Примолк и Никанор, не по себе стало: чего разболтался, мэй? Вечно у него так — видит, пора замолчать, а остановиться не может. Со стыда готов сгореть, но язык как заведенный. И все-таки легче на душе становится, если дашь словам волю.
Порой просто руки опускаются: зачем люди столько болтают? А может, так и родились на свет божий прописные истины? Открылась тебе, скажем, истина, великая и полная тайны. Долго ли с ней молчком усидишь? Ну, пустишь ее в мир — запорхает с языка на язык, как мотылек над полянкой, пообтреплется твоя истина, затянет ее, как низину, илом и влагой. Ждешь-пождешь мотылька, а его нет как нет. Сойдешь туда, в низину, и тайное станет явным: не вернется и не полетит больше твоя истина-мотылек, хоть плачь. Лишь крылышки еще шевелятся под ветерком в паутине, а тельце уже обсосано…
По обычаю у нас первым делом умершему накрывают лицо, что бы ни подвернулось под руку — больничная простыня, шинель, стяг, да хоть с плеча пиджак, на худой конец! Почему человек умолкает и прячет под тряпкой смерть на лице покойного — чтобы забыть его? А выходит, тем дольше помнит, чем больше молчит…

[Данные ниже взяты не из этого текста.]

(* Let $\vec{D}_n$ be the oriented diameter of the directed arrowhead $\vec{\mathcal{AT}}_n$. Then $\vec{D}_0=0$ and $\vec{D}_n=2\vec{D}_{n-1}+1$ for all $n>0$.
   Context: For $n\in\mathbb{N}$ let $G_n=\mathbb{Z}_{2^n}\times\mathbb{Z}_{2^n}$ (additive group). Let $S^+=\{(-1,-1),(1,0),(0,1)\}$. The directed arrowhead $\vec{\mathcal{AT}}_n$ is the Cayley digraph $\Gamma(G_n,S^+)$: vertex set $G_n$, with an arc $u\to u+s$ for each $u\in G_n$ and $s\in S^+$ (arithmetic modulo $2^n$). The oriented diameter is the maximum, over ordered pairs $(u,v)$ of vertices, of the length of a shortest directed path from $u$ to $v$. *)

theory Defs
  imports Main
begin

text \<open>Vertices of G_n = Z_{2^n} x Z_{2^n}, represented by canonical
representatives in {0..<2^n} x {0..<2^n}.\<close>
definition at_vertices :: "nat \<Rightarrow> (int \<times> int) set" where
  "at_vertices n = {0..<2^n} \<times> {0..<2^n}"

definition at_gens :: "(int \<times> int) set" where
  "at_gens = {(-1,-1), (1,0), (0,1)}"

definition at_arcs :: "nat \<Rightarrow> ((int \<times> int) \<times> (int \<times> int)) set" where
  "at_arcs n = {(u, v). u \<in> at_vertices n \<and>
     (\<exists>s\<in>at_gens. v = ((fst u + fst s) mod 2^n, (snd u + snd s) mod 2^n))}"

definition at_dist :: "nat \<Rightarrow> int \<times> int \<Rightarrow> int \<times> int \<Rightarrow> nat" where
  "at_dist n u v = (LEAST k. (u, v) \<in> (at_arcs n) ^^ k)"

definition at_odiam :: "nat \<Rightarrow> nat" where
  "at_odiam n = Max {at_dist n u v | u v. u \<in> at_vertices n \<and> v \<in> at_vertices n}"

end

theory Submission
  imports Defs
begin

text \<open>Since the generators commute, a walk of length \<open>k\<close> is determined up to order by the
numbers \<open>a, b, c\<close> of steps along \<open>(1,0), (0,1), (-1,-1)\<close>, and it leads from \<open>u\<close> to
\<open>u + (a - c, b - c)\<close>. To realise a displacement \<open>(x, y)\<close> modulo \<open>N = 2^n\<close> with \<open>c\<close>
diagonal steps one needs at least \<open>c + (x + c) mod N + (y + c) mod N\<close> steps. Choosing
\<open>c \<in> {0, N - x, N - y}\<close> keeps this below \<open>N\<close>, because \<open>3\<close> does not divide \<open>N\<close>;
for \<open>(x, y) = (\<lfloor>N/3\<rfloor>, 2\<lfloor>N/3\<rfloor> + 1)\<close> every \<open>c\<close> costs at least \<open>N - 1\<close>. So the oriented
diameter is \<open>2^n - 1\<close>, which satisfies the recurrence.\<close>

lemma mod_diff_add_left_eq: "((z::int) mod N - w + c) mod N = (z - w + c) mod N"
  by (metis mod_add_left_eq mod_diff_left_eq)

lemma mod_eq_diff_self: "N \<le> z \<Longrightarrow> z < 2 * N \<Longrightarrow> (z::int) mod N = z - N"
  using mod_pos_pos_trivial[of "z - N" N] by simp

lemma mod_eq_add_self: "0 \<le> z + N \<Longrightarrow> z < 0 \<Longrightarrow> (z::int) mod N = z + N"
  using mod_pos_pos_trivial[of "z + N" N] by simp

lemma three_not_dvd_power_two: "\<not> 3 dvd (2::int) ^ n"
proof (induction n)
  case (Suc n)
  have "\<not> 3 dvd (x::int) \<Longrightarrow> \<not> 3 dvd 2 * x" for x
    by presburger
  with Suc show ?case by simp
qed simp

lemma div_three_bounds:
  fixes N :: int
  assumes "\<not> 3 dvd N"
  shows "3 * (N div 3) + 1 \<le> N" "N \<le> 3 * (N div 3) + 2"
proof -
  have "N mod 3 \<noteq> 0"
    using assms by (simp add: dvd_eq_mod_eq_0)
  moreover have "N = 3 * (N div 3) + N mod 3" "N mod 3 < 3"
    by simp_all
  ultimately show "3 * (N div 3) + 1 \<le> N" "N \<le> 3 * (N div 3) + 2"
    by linarith+
qed

text \<open>\<open>walk_length N x y c\<close> is the least number of steps of a walk that uses exactly \<open>c\<close>
steps \<open>(-1,-1)\<close> and has displacement \<open>(x, y)\<close> modulo \<open>N\<close>.\<close>

definition walk_length :: "int \<Rightarrow> int \<Rightarrow> int \<Rightarrow> int \<Rightarrow> int" where
  "walk_length N x y c = c + (x + c) mod N + (y + c) mod N"

lemma walk_length_commute: "walk_length N x y c = walk_length N y x c"
  by (simp add: walk_length_def)

lemma walk_length_mod: "walk_length N (x mod N) (y mod N) c = walk_length N x y c"
  by (simp add: walk_length_def mod_add_left_eq)

lemma walk_length_wrap: "walk_length N x y (N - x) = N - x + (y - x) mod N"
proof -
  have "(y + (N - x)) mod N = ((y - x) + N) mod N"
    by (simp add: algebra_simps)
  then show ?thesis
    by (simp add: walk_length_def)
qed

lemma walk_length_wrap_le:
  fixes N x y :: int
  assumes "0 \<le> x" "x < N" "0 \<le> y" "y < N"
    and "x \<le> y \<and> y < 2 * x \<or> y < x \<and> N + y < 2 * x"
  shows "walk_length N x y (N - x) \<le> N - 1"
  using assms mod_pos_pos_trivial[of "y - x" N] mod_eq_add_self[of "y - x" N]
  unfolding walk_length_wrap by auto

lemma walk_length_upper_bound:
  fixes N x y :: int
  assumes "\<not> 3 dvd N" "0 \<le> x" "x < N" "0 \<le> y" "y < N"
  shows "\<exists>c\<ge>0. walk_length N x y c \<le> N - 1"
proof -
  \<comment> \<open>the only configuration not covered by \<open>c \<in> {0, N - x, N - y}\<close> is \<open>{x, y} = {N/3, 2N/3}\<close>\<close>
  have "3 * x \<noteq> N" "3 * y \<noteq> N"
    using assms(1) by auto
  then have "x + y < N \<or> (x \<le> y \<and> y < 2 * x \<or> y < x \<and> N + y < 2 * x)
      \<or> (y \<le> x \<and> x < 2 * y \<or> x < y \<and> N + x < 2 * y)"
    using assms(2-5) by linarith
  then consider "x + y < N"
    | "walk_length N x y (N - x) \<le> N - 1"
    | "walk_length N x y (N - y) \<le> N - 1"
    using walk_length_wrap_le[of x N y] walk_length_wrap_le[of y N x] assms(2-5)
    by (auto simp: walk_length_commute)
  then show ?thesis
  proof cases
    case 1
    then have "walk_length N x y 0 \<le> N - 1"
      using assms(2-5) by (simp add: walk_length_def)
    then show ?thesis by blast
  next
    case 2
    then show ?thesis using assms(3) by (intro exI[of _ "N - x"]) simp
  next
    case 3
    then show ?thesis using assms(5) by (intro exI[of _ "N - y"]) simp
  qed
qed

lemma walk_length_lower_bound:
  fixes N c :: int
  assumes "0 < N" "\<not> 3 dvd N" "0 \<le> c"
  shows "N - 1 \<le> walk_length N (N div 3) (2 * (N div 3) + 1) c"
proof -
  define x where "x = N div 3"
  have N: "3 * x + 1 \<le> N" "N \<le> 3 * x + 2"
    using div_three_bounds[OF assms(2)] by (simp_all add: x_def)
  consider "c < N - 2 * x - 1" | "N - 2 * x - 1 \<le> c" "c < N - x" | "N - x \<le> c" "c < N" | "N \<le> c"
    by (meson not_less)
  then have "N - 1 \<le> c + (x + c) mod N + (2 * x + 1 + c) mod N"
  proof cases
    case 1
    have "(x + c) mod N = x + c" "(2 * x + 1 + c) mod N = 2 * x + 1 + c"
      by (rule mod_pos_pos_trivial; use 1 N assms(3) in linarith)+
    then show ?thesis using N assms(3) by linarith
  next
    case 2
    have "(x + c) mod N = x + c"
      by (rule mod_pos_pos_trivial; use 2 N assms(3) in linarith)
    moreover have "(2 * x + 1 + c) mod N = 2 * x + 1 + c - N"
      by (rule mod_eq_diff_self; use 2 N assms(3) in linarith)
    ultimately show ?thesis using 2 N by linarith
  next
    case 3
    have "(x + c) mod N = x + c - N" "(2 * x + 1 + c) mod N = 2 * x + 1 + c - N"
      by (rule mod_eq_diff_self; use 3 N assms(3) in linarith)+
    then show ?thesis using 3 N by linarith
  next
    case 4
    have "0 \<le> (x + c) mod N" "0 \<le> (2 * x + 1 + c) mod N"
      using assms(1) by simp_all
    then show ?thesis using 4 by linarith
  qed
  then show ?thesis
    by (simp add: walk_length_def x_def)
qed
(* Let $Q$ be a quiver and $C$ a monomial admissible subcoalgebra of $kQ$. If there is a path $p\in C$ of positive length such that $p\beta\notin C$ for every arrow $\beta$ of $Q$ (or such that $\beta p\notin C$ for every arrow $\beta$), then $C$ is not semiprime. In particular, if there is an arrow $\alpha$ such that no arrow $\beta$ satisfies $\beta\alpha\in C$ (or no arrow $\beta$ satisfies $\alpha\beta\in C$), then $C$ is not semiprime. *)

theory Defs
  imports Main
begin

text \<open>Quiver Q = (vertices 'v, arrows 'e, source map s, target map t).
  A path is a pair (start vertex, list of arrows); the empty list is the trivial path e_v.\<close>

fun chain :: "('e \<Rightarrow> 'v) \<Rightarrow> ('e \<Rightarrow> 'v) \<Rightarrow> 'v \<Rightarrow> 'e list \<Rightarrow> bool" where
  "chain s t v [] = True"
| "chain s t v (a # as) = (s a = v \<and> chain s t (t a) as)"

fun endv :: "('e \<Rightarrow> 'v) \<Rightarrow> 'v \<Rightarrow> 'e list \<Rightarrow> 'v" where
  "endv t v [] = v"
| "endv t v (a # as) = endv t (t a) as"

definition is_path :: "('e \<Rightarrow> 'v) \<Rightarrow> ('e \<Rightarrow> 'v) \<Rightarrow> 'v \<times> 'e list \<Rightarrow> bool" where
  "is_path s t p = chain s t (fst p) (snd p)"

definition path_len :: "'v \<times> 'e list \<Rightarrow> nat" where
  "path_len p = length (snd p)"

definition arrow_path :: "('e \<Rightarrow> 'v) \<Rightarrow> 'e \<Rightarrow> 'v \<times> 'e list" where
  "arrow_path s a = (s a, [a])"

definition composable :: "('e \<Rightarrow> 'v) \<Rightarrow> 'v \<times> 'e list \<Rightarrow> 'v \<times> 'e list \<Rightarrow> bool" where
  "composable t p q = (endv t (fst p) (snd p) = fst q)"

definition pconcat :: "'v \<times> 'e list \<Rightarrow> 'v \<times> 'e list \<Rightarrow> 'v \<times> 'e list" where
  "pconcat p q = (fst p, snd p @ snd q)"

text \<open>The path coalgebra kQ: finitely supported k-valued functions on paths
  (coordinates w.r.t. the basis of paths).\<close>
definition path_space :: "('e \<Rightarrow> 'v) \<Rightarrow> ('e \<Rightarrow> 'v) \<Rightarrow> ('v \<times> 'e list \<Rightarrow> 'k::field) set" where
  "path_space s t = {x. finite {p. x p \<noteq> 0} \<and> (\<forall>p. x p \<noteq> 0 \<longrightarrow> is_path s t p)}"

definition bvec :: "'v \<times> 'e list \<Rightarrow> 'v \<times> 'e list \<Rightarrow> 'k::field" where
  "bvec p = (\<lambda>q. if q = p then 1 else 0)"

text \<open>Comultiplication Delta(p) = sum over p = q r of q (x) r, in coordinates of
  kQ (x) kQ (finitely supported functions on pairs of paths).\<close>
definition comult :: "('e \<Rightarrow> 'v) \<Rightarrow> ('e \<Rightarrow> 'v) \<Rightarrow> ('v \<times> 'e list \<Rightarrow> 'k::field)
    \<Rightarrow> ('v \<times> 'e list) \<times> ('v \<times> 'e list) \<Rightarrow> 'k" where
  "comult s t x = (\<lambda>(q, r). if is_path s t q \<and> is_path s t r \<and> composable t q r
                             then x (pconcat q r) else 0)"

definition tensor :: "('v \<times> 'e list \<Rightarrow> 'k::field) set \<Rightarrow> ('v \<times> 'e list \<Rightarrow> 'k) set
    \<Rightarrow> (('v \<times> 'e list) \<times> ('v \<times> 'e list) \<Rightarrow> 'k) set" where
  "tensor C D = {z. \<exists>(n::nat) xs ys. (\<forall>i<n. xs i \<in> C \<and> ys i \<in> D) \<and>
                    z = (\<lambda>(q, r). \<Sum>i<n. xs i q * ys i r)}"
(* Let $U\subset\mathcal Y$ be open and let $w:U\to\mathbb R$ be continuous and locally bounded. Assume: (H1) $\mathcal Y$ is reflexive; (H2) there exists $M:\mathcal Y\times\mathcal Y\to[0,\infty]$ such that $y_1\mapsto M(y_1,y_2)$ is Fréchet differentiable at every $y_1\neq y_2$ and $y_2\mapsto M(y_1,y_2)$ is Fréchet differentiable at every $y_2\ne y_1$, and there are constants $\lambda\in(0,1]$, $\Lambda\in[1,\infty)$ with $\lambda\|y_1-y_2\|\le M(y_1,y_2)\le\Lambda\|y_1-y_2\|$ for all $y_1,y_2\in\mathcal Y$, and $\lambda\le\|\nabla M(\cdot,y_2)(y_1)\|_{\mathcal Y^*}$ and $\|\nabla M(y_1,\cdot)(y_2)\|_{\mathcal Y^*}\le\Lambda$ whenever these derivatives are defined; (i) for every $x\in X$, every $u\in U$ and every unit $d\in\mathcal Y$ the directional derivative $D_df_x(u)$ exists, and there is a constant $C_0>0$ such that $\inf_{x\in S(u)}D_df_x(u)>-C_0$ for all $u\in U$ and all unit $d$; (ii) for every unit $d\in\mathcal Y$, $w$ is a viscosity subsolution in $U$ of $-\langle\nabla w(u),d\rangle+\inf_{x\in S(u)}D_df_x(u)=0$. Then $w$ is locally Lipschitz in $U$.
   Context: Let $\mathfrak X,\mathcal Y$ be real Banach spaces, $X\subset\mathfrak X$ and $U\subset\mathcal Y$ nonempty, $f:X\times U\to\mathbb R$ continuous, and $\Phi:U\to2^X$ a set-valued map. The optimal value function is $v(u)=\inf_{x\in\Phi(u)}f(x,u)$ and the optimal set map is $S(u)=\{x\in\Phi(u):f(x,u)=v(u)\}$. For $x\in X$, $f_x(u):=f(x,u)$, and $D_df_x(u)=\lim_{s\downarrow0}\frac{f(x,u+sd)-f(x,u)}{s}$ is the directional derivative. A unit vector is one of norm $1$; the infimum over the empty set is $+\infty$. For $w:U\to\mathbb R$ ($U$ open) and $u_0\in U$: $\mathcal J^+w(u_0)=\{p\in\mathcal Y^*:\limsup_{u\to u_0}\frac{w(u)-w(u_0)-\langle p,u-u_0\rangle}{\|u-u_0\|}\le0\}$ and $\mathcal J^-w(u_0)=\{p\in\mathcal Y^*:\liminf_{u\to u_0}\frac{w(u)-w(u_0)-\langle p,u-u_0\rangle}{\|u-u_0\|}\ge0\}$. For a fixed unit $d$, an upper semicontinuous $w$ is a viscosity subsolution of $-\langle\nabla w(u),d\rangle+\inf_{x\in S(u)}D_df_x(u)=0$ at $u_0$ if $-\langle\eta,d\rangle+\inf_{x\in S(u_0)}D_df_x(u_0)\le0$ for every $\eta\in\mathcal J^+w(u_0)$; a lower semicontinuous $w$ is a viscosity supersolution at $u_0$ if $-\langle\eta,d\rangle+\inf_{x\in S(u_0)}D_df_x(u_0)\ge0$ for every $\eta\in\mathcal J^-w(u_0)$; a viscosity solution is both; "in a set" means at every point of it. *)

theory Defs
  imports "HOL-Analysis.Analysis"
begin

text \<open>Optimal value function v(u) = inf over Phi(u) of f(x,u); inf of empty set is +infinity.\<close>
definition optval :: "('x \<Rightarrow> 'y \<Rightarrow> real) \<Rightarrow> ('y \<Rightarrow> 'x set) \<Rightarrow> 'y \<Rightarrow> ereal" where
  "optval f Phi u = (INF x\<in>Phi u. ereal (f x u))"

definition optset :: "('x \<Rightarrow> 'y \<Rightarrow> real) \<Rightarrow> ('y \<Rightarrow> 'x set) \<Rightarrow> 'y \<Rightarrow> 'x set" where
  "optset f Phi u = {x \<in> Phi u. ereal (f x u) = optval f Phi u}"

definition dir_deriv_exists :: "('x \<Rightarrow> 'y::real_normed_vector \<Rightarrow> real) \<Rightarrow> 'x \<Rightarrow> 'y \<Rightarrow> 'y \<Rightarrow> bool" where
  "dir_deriv_exists f x u d \<longleftrightarrow>
     (\<exists>L. ((\<lambda>s. (f x (u + s *\<^sub>R d) - f x u) / s) \<longlongrightarrow> L) (at_right 0))"

definition dir_deriv :: "('x \<Rightarrow> 'y::real_normed_vector \<Rightarrow> real) \<Rightarrow> 'x \<Rightarrow> 'y \<Rightarrow> 'y \<Rightarrow> real" where
  "dir_deriv f x u d = Lim (at_right 0) (\<lambda>s. (f x (u + s *\<^sub>R d) - f x u) / s)"

definition reflexive_space :: "'y::real_normed_vector itself \<Rightarrow> bool" where
  "reflexive_space TYPE('y) \<longleftrightarrow>
     (\<forall>\<phi> :: ('y \<Rightarrow>\<^sub>L real) \<Rightarrow>\<^sub>L real. \<exists>y::'y. \<forall>p. blinfun_apply \<phi> p = blinfun_apply p y)"

definition superjet :: "('y::real_normed_vector \<Rightarrow> real) \<Rightarrow> 'y \<Rightarrow> ('y \<Rightarrow>\<^sub>L real) set" where
  "superjet w u0 = {p. Limsup (at u0)
      (\<lambda>u. ereal ((w u - w u0 - blinfun_apply p (u - u0)) / norm (u - u0))) \<le> 0}"

definition subjet :: "('y::real_normed_vector \<Rightarrow> real) \<Rightarrow> 'y \<Rightarrow> ('y \<Rightarrow>\<^sub>L real) set" where
  "subjet w u0 = {p. Liminf (at u0)
      (\<lambda>u. ereal ((w u - w u0 - blinfun_apply p (u - u0)) / norm (u - u0))) \<ge> 0}"

definition visc_subsol_at ::
  "('x \<Rightarrow> 'y::real_normed_vector \<Rightarrow> real) \<Rightarrow> ('y \<Rightarrow> 'x set) \<Rightarrow> 'y \<Rightarrow> ('y \<Rightarrow> real) \<Rightarrow> 'y \<Rightarrow> bool" where
  "visc_subsol_at f Phi d w u0 \<longleftrightarrow>
     (\<forall>\<epsilon>>0. \<forall>\<^sub>F u in at u0. w u < w u0 + \<epsilon>) \<and>
     (\<forall>\<eta>\<in>superjet w u0.
        ereal (- blinfun_apply \<eta> d) + (INF x\<in>optset f Phi u0. ereal (dir_deriv f x u0 d)) \<le> 0)"

definition locally_bounded_on :: "'y::metric_space set \<Rightarrow> ('y \<Rightarrow> real) \<Rightarrow> bool" where
  "locally_bounded_on U w \<longleftrightarrow>
     (\<forall>u\<in>U. \<exists>r>0. \<exists>B. \<forall>y\<in>U \<inter> ball u r. \<bar>w y\<bar> \<le> B)"

definition locally_lipschitz_on :: "'y::metric_space set \<Rightarrow> ('y \<Rightarrow> real) \<Rightarrow> bool" where
  "locally_lipschitz_on U w \<longleftrightarrow>
     (\<forall>u\<in>U. \<exists>r>0. \<exists>L. \<forall>y\<in>U \<inter> ball u r. \<forall>z\<in>U \<inter> ball u r. \<bar>w y - w z\<bar> \<le> L * dist y z)"

end

theory Submission
  imports Defs
begin

text \<open>Fix \<open>u\<^sub>0 \<in> U\<close> and a ball of radius \<open>R\<close> around \<open>z\<close>, inside a neighbourhood of \<open>u\<^sub>0\<close> on which
  \<open>|w| \<le> W\<close>. If \<open>w a - w z > A \<Lambda> \<parallel>a - z\<parallel>\<close> for a large \<open>A\<close>, then \<open>F = -w + A M(\<cdot>, z)\<close> satisfies
  \<open>F a < F z\<close>, and the Borwein--Preiss smooth variational principle with gauge \<open>M\<close> produces a point
  \<open>y \<noteq> z\<close> inside the ball at which \<open>F + \<Sum>\<^sub>k 2\<^sup>-\<^sup>k M(x\<^sub>k, \<cdot>)\<^sup>2\<close> is minimal. So the derivative of
  \<open>A M(\<cdot>, z) + \<Sum>\<^sub>k 2\<^sup>-\<^sup>k M(x\<^sub>k, \<cdot>)\<^sup>2\<close> at \<open>y\<close> is a supergradient of \<open>w\<close> of norm at least
  \<open>A \<lambda> - 8 \<Lambda>\<^sup>2 R\<close>. On the other hand, testing the subsolution inequality with the directions \<open>\<pm>d\<close>
  and using (i) bounds every supergradient of \<open>w\<close> by \<open>C\<^sub>0\<close>, which is a contradiction for large \<open>A\<close>.\<close>

section \<open>Superjets\<close>

lemma norm_blinfun_le_of_unit_lower_bound:
  fixes \<eta> :: "'a::real_normed_vector \<Rightarrow>\<^sub>L real"
  assumes "0 \<le> C" and lower: "\<And>d. norm d = 1 \<Longrightarrow> - C \<le> \<eta> d"
  shows "norm \<eta> \<le> C"
proof (rule norm_blinfun_bound[OF \<open>0 \<le> C\<close>])
  fix v :: 'a
  show "norm (\<eta> v) \<le> C * norm v"
  proof (cases "v = 0")
    case False
    define d where "d = v /\<^sub>R norm v"
    have d: "norm d = 1" "norm (- d) = 1" using False by (simp_all add: d_def)
    have "\<bar>\<eta> d\<bar> \<le> C"
      using lower[OF d(1)] lower[OF d(2)] by (simp add: blinfun.minus_right)
    moreover have "\<eta> v = norm v * \<eta> d"
      using False by (simp add: d_def blinfun.scaleR_right)
    ultimately show ?thesis
      using mult_right_mono[of "\<bar>\<eta> d\<bar>" C "norm v"] by (simp add: abs_mult mult.commute)
  qed simp
qed

lemma superjet_norm_le:
  assumes subsol: "\<And>d. norm d = 1 \<Longrightarrow> visc_subsol_at f Phi d w u"
    and lower: "\<And>d. norm d = 1 \<Longrightarrow> ereal (- C) < (INF x\<in>optset f Phi u. ereal (dir_deriv f x u d))"
    and "0 \<le> C" and \<eta>: "\<eta> \<in> superjet w u"
  shows "norm \<eta> \<le> C"
proof (rule norm_blinfun_le_of_unit_lower_bound[OF \<open>0 \<le> C\<close>])
  fix d :: 'a assume d: "norm d = 1"
  define I where "I = (INF x\<in>optset f Phi u. ereal (dir_deriv f x u d))"
  have "ereal (- blinfun_apply \<eta> d) + I \<le> 0"
    using subsol[OF d] \<eta> unfolding visc_subsol_at_def I_def by blast
  moreover have "ereal (- C) < I" using lower[OF d] unfolding I_def .
  ultimately show "- C \<le> \<eta> d" by (cases I) auto
qed

lemma superjet_of_touching_from_above:
  fixes w \<phi> :: "'a::real_normed_vector \<Rightarrow> real"
  assumes \<phi>: "(\<phi> has_derivative blinfun_apply \<eta>) (at y)"
    and touch: "\<forall>\<^sub>F u in at y. w u - w y \<le> \<phi> u - \<phi> y"
  shows "\<eta> \<in> superjet w y"
  unfolding superjet_def mem_Collect_eq Limsup_le_iff
proof (intro allI impI)
  fix c :: ereal assume "0 < c"
  show "\<forall>\<^sub>F u in at y. ereal ((w u - w y - \<eta> (u - y)) / norm (u - y)) < c"
  proof (cases c)
    case (real r)
    with \<open>0 < c\<close> have "r / 2 > 0" by simp
    with \<phi> have "\<forall>\<^sub>F u in at y. norm (\<phi> u - \<phi> y - \<eta> (u - y)) \<le> r / 2 * norm (u - y)"
      unfolding has_derivative_within_alt2 by blast
    moreover have "\<forall>\<^sub>F u in at y. u \<noteq> y" by (simp add: eventually_at_filter)
    ultimately show ?thesis using touch
    proof eventually_elim
      case (elim u)
      then have "w u - w y - \<eta> (u - y) \<le> r / 2 * norm (u - y)"
        using abs_le_D1[OF elim(1)[unfolded real_norm_def]] by linarith
      moreover have "0 < norm (u - y)" using elim(2) by simp
      moreover have "r / 2 * norm (u - y) < r * norm (u - y)"
        using calculation(2) \<open>r / 2 > 0\<close> by simp
      ultimately have "(w u - w y - \<eta> (u - y)) / norm (u - y) < r"
        by (simp only: pos_divide_less_eq)
      then show ?case using real by simp
    qed
  qed (use \<open>0 < c\<close> in auto)
qed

Колхозники работали с жаром, будто решили поскорей разделаться со свеклой и кукурузой. Никанора высмеяли жеребята-десятиклассники, а он опять хочет посыпать их головы словесной трухой? Но разве вдолбишь им, что не о ямах речь и тем паче не о папиросной затяжке? Стоял Бостан посреди поля, не шелохнувшись, руки бессильно висели, как у больного… Ох, мамочка, до гробовой доски он не забудет, как в мертвых пальцах Кручяну вился к небу синий дым — хоть сейчас прикуривай, и это вмиг отворотило Никанора от всякого табака. Чуть не вырвалось: пусть режут, в жизни цигарки в рот не возьму! Так и замер он перед Георге, а тоненькая струйка таяла, будто дымок от восковых свечек деда Костэкела на цветущей черешне.
— То ли «Беломор» курил Кручяну, то ли «Нистру», я не посмотрел, не до того было. Думал, чем бы лицо прикрыть. И дымок этот не вверх пошел, а так, знаете, над рукой застрял. Теплый дым, он всегда на холодное садится… Говорят, если усопший только-только отошел, душа рядом витает и его близких тоже караулит. А я-то сосед Георге! Сидел он под бузиной, вроде прикорнул на минутку, дух перевести, ну и я… Ей-богу, язык не поворачивается… Подумал: что если он меня поджидает?
Догоняя ушедших вперед колхозников, Никанор решительно впечатывал шаги в мягкую пахоту. Но по всему видать, мысли о Кручяну его не оставляли, и он заговаривал о старике-бухгалтере.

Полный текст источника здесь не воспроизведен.